:: Requirement ::
From the data that follows, copy every line holding the string "surd".

:: Data for the task ::
——
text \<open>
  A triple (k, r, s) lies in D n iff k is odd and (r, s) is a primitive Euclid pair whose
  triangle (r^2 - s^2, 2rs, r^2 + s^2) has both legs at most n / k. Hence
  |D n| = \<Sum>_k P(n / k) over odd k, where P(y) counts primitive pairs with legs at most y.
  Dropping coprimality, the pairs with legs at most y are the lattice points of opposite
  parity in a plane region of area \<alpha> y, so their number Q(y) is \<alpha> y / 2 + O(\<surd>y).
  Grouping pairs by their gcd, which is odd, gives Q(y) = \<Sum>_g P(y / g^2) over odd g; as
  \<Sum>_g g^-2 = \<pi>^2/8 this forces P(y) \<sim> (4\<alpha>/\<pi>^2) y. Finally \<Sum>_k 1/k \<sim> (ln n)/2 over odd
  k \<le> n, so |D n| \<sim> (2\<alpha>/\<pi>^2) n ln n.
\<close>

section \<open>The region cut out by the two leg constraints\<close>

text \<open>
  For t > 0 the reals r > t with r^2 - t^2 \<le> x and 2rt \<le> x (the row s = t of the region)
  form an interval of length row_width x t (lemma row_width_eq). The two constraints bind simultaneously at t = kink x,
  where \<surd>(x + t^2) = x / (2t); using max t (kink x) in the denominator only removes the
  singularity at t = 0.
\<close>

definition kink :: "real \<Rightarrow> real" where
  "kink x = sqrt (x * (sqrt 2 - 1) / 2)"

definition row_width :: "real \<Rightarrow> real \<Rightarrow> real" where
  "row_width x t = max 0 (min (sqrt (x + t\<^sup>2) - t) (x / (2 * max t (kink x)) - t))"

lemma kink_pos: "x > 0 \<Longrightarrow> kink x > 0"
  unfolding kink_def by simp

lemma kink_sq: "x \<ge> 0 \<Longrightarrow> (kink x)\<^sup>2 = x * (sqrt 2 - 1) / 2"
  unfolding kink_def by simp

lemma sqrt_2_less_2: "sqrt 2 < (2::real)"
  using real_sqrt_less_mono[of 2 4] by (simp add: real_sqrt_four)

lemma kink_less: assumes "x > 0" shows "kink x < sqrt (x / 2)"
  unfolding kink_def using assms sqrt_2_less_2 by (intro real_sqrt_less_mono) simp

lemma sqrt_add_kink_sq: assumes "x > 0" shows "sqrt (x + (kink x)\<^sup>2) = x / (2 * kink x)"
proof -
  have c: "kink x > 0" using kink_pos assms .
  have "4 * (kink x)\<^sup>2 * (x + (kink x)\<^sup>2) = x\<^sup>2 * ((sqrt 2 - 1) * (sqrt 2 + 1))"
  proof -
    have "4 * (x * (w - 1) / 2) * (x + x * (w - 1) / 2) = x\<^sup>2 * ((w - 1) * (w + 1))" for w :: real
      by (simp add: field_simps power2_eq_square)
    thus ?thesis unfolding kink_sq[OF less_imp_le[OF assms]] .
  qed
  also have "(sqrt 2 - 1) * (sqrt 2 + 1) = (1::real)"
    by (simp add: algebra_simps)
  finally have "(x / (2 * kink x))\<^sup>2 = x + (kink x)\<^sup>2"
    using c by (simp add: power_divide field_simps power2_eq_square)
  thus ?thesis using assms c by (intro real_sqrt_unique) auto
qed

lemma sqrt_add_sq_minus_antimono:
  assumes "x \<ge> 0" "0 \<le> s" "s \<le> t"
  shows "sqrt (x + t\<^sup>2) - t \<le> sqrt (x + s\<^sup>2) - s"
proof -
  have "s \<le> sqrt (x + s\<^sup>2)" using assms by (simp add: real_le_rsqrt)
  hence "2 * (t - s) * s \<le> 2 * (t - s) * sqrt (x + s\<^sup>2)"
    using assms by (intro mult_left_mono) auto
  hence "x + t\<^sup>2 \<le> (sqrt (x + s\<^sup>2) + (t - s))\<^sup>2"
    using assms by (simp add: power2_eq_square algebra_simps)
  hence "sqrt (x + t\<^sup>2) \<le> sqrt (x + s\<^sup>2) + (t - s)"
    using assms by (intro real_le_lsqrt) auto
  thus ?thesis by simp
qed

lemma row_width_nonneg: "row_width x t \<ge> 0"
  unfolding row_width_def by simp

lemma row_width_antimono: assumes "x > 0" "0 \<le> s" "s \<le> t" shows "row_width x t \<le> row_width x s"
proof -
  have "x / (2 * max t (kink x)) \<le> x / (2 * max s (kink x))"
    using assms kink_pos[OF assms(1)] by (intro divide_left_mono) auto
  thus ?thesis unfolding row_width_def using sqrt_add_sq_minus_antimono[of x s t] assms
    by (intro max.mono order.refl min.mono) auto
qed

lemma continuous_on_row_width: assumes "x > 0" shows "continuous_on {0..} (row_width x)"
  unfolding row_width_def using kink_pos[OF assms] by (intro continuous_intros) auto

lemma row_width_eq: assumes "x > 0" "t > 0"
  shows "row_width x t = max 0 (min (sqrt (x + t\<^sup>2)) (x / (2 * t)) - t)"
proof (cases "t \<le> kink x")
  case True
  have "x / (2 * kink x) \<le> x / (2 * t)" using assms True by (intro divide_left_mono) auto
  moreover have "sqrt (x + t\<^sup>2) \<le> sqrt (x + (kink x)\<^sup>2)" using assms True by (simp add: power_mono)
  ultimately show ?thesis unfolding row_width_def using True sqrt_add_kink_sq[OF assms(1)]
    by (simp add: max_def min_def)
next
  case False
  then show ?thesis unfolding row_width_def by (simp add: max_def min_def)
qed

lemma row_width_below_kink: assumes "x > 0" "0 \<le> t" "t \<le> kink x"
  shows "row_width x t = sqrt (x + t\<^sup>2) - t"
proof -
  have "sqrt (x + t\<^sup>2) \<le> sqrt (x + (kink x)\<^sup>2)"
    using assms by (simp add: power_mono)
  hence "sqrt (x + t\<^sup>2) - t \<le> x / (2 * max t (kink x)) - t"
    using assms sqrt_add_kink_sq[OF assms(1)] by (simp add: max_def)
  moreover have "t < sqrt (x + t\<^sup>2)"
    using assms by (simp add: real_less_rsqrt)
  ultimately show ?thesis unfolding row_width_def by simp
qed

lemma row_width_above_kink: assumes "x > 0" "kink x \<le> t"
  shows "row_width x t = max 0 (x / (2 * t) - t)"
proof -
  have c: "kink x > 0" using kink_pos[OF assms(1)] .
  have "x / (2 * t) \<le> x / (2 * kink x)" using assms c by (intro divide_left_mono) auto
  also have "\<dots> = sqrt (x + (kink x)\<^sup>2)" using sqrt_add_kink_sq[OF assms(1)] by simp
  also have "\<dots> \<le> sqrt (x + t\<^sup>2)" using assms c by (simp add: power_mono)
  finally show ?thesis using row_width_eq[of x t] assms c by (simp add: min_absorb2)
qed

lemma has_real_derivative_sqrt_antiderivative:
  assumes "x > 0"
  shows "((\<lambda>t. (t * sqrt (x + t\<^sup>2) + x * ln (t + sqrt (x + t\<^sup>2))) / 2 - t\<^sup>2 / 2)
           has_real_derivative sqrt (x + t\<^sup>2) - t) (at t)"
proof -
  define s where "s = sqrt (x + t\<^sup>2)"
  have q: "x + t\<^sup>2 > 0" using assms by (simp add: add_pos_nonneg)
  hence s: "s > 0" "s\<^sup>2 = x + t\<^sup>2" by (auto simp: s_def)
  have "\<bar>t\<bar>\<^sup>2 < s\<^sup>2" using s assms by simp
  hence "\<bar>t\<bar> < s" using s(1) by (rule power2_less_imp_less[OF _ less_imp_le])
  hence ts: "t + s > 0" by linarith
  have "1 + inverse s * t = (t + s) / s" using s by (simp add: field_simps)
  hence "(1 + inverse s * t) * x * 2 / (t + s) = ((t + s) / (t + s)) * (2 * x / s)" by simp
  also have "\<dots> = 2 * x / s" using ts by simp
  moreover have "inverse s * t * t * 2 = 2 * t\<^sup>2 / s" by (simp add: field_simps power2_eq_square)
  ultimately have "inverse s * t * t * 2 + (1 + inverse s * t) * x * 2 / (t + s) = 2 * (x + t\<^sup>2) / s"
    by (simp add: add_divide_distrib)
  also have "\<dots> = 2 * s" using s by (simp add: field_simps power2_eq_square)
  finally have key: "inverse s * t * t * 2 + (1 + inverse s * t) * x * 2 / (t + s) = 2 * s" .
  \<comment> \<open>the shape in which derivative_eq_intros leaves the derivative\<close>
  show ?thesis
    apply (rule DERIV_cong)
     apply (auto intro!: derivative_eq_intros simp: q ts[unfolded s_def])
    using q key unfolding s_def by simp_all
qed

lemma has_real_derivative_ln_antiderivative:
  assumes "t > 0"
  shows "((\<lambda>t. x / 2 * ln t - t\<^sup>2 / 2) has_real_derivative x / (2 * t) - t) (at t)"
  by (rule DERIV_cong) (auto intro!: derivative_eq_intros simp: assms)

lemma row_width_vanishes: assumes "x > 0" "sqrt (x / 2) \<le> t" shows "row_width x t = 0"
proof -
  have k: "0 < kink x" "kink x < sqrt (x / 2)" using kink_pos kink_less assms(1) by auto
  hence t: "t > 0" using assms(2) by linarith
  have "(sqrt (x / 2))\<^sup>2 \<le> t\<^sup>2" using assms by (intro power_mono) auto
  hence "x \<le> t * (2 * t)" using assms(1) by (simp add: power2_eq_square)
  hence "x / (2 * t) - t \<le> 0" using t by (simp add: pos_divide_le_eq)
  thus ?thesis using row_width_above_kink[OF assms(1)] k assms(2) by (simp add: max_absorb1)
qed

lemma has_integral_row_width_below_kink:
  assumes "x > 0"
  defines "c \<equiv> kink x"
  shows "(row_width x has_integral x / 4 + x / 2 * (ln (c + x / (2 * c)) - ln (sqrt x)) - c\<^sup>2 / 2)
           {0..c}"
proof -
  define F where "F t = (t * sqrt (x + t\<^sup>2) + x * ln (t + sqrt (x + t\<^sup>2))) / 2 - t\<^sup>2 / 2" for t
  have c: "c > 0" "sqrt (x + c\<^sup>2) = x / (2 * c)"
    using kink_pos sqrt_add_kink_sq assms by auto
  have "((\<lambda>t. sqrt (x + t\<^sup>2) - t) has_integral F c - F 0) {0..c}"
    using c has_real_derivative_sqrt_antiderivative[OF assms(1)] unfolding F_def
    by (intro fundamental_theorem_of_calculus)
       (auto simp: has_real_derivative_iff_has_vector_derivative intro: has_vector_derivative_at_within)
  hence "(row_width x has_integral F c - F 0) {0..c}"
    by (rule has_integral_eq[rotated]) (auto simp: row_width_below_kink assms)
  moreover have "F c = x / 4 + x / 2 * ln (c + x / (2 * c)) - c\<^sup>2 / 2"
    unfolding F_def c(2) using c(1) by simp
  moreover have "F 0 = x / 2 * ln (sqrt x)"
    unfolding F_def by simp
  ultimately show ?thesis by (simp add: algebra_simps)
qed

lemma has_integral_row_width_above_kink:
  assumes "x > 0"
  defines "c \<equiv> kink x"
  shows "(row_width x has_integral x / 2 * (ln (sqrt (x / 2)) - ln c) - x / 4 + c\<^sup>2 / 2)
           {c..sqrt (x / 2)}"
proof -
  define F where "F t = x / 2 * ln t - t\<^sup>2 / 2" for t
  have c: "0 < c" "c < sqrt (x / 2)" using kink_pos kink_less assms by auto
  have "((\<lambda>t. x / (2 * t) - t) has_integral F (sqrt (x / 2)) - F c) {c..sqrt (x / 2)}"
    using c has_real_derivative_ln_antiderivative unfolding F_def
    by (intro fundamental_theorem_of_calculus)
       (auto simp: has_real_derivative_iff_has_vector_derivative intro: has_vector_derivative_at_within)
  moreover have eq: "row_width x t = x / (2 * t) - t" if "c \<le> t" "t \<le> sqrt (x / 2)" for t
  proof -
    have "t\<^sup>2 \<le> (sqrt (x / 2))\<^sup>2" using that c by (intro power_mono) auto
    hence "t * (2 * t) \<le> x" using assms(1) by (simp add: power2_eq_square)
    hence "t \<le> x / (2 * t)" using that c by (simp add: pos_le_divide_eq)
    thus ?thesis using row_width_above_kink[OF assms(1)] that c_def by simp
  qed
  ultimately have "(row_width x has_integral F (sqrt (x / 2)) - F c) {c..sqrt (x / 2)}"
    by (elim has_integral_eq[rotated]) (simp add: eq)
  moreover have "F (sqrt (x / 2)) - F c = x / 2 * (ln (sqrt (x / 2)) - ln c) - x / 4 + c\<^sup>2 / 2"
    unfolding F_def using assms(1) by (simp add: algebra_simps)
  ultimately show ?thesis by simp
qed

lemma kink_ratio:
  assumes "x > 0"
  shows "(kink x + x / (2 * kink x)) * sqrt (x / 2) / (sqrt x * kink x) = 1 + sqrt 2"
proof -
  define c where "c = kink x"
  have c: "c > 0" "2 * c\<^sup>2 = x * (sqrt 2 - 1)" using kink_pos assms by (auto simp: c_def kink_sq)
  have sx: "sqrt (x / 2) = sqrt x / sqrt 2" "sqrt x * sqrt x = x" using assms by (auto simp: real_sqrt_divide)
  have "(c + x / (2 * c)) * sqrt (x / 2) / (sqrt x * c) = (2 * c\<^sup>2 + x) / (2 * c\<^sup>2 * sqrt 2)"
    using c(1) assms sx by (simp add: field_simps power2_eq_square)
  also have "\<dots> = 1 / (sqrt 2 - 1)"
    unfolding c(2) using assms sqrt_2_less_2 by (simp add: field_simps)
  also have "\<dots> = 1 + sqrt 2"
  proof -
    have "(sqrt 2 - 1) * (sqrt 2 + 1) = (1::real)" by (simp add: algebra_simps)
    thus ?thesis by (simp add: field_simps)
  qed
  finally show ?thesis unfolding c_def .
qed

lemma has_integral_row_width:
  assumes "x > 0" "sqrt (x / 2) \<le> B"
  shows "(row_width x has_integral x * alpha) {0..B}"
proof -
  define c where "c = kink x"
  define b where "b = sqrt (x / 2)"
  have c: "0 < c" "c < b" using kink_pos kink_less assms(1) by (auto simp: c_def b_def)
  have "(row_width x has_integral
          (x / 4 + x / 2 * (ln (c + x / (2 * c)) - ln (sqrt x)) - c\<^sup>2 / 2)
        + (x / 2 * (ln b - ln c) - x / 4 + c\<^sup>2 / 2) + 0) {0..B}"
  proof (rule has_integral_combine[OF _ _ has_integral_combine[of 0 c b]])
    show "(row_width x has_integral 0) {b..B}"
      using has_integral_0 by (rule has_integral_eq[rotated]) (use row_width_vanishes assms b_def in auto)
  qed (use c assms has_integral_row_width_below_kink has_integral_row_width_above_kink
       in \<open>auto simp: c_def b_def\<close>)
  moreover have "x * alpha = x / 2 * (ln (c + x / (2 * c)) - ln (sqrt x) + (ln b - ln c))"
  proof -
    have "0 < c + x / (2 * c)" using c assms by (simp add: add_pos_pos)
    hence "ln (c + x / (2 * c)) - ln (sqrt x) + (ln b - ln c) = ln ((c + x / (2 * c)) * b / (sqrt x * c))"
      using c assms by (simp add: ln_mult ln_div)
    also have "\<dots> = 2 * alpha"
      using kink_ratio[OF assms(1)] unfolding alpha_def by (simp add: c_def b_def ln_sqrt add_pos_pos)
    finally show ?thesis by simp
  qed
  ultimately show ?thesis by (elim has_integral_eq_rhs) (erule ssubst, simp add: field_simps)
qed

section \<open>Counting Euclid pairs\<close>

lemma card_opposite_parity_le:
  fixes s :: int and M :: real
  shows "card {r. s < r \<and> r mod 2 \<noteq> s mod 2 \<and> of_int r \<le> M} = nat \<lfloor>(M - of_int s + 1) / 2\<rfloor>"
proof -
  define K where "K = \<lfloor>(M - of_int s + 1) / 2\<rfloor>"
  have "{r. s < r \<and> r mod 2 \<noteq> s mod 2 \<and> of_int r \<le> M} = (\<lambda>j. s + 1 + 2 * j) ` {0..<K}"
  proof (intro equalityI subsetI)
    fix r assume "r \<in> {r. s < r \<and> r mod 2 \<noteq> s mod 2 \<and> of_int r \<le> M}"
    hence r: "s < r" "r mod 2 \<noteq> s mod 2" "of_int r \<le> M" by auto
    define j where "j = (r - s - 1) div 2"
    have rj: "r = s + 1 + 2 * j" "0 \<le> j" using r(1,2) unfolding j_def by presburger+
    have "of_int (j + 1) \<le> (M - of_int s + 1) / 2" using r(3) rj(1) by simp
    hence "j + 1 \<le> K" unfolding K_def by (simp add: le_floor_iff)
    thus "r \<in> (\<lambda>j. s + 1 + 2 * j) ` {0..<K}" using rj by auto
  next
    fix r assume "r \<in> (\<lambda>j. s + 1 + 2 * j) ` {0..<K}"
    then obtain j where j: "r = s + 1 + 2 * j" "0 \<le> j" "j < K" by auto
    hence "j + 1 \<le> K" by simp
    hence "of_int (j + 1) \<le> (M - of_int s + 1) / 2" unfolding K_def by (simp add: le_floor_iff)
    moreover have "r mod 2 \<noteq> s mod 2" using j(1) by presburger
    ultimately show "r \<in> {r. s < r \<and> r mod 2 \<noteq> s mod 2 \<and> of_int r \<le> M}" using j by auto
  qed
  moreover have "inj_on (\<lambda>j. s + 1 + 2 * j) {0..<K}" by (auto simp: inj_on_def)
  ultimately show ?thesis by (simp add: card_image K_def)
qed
——
:: Task result ::
  parity in a plane region of area \<alpha> y, so their number Q(y) is \<alpha> y / 2 + O(\<surd>y).
  where \<surd>(x + t^2) = x / (2t); using max t (kink x) in the denominator only removes the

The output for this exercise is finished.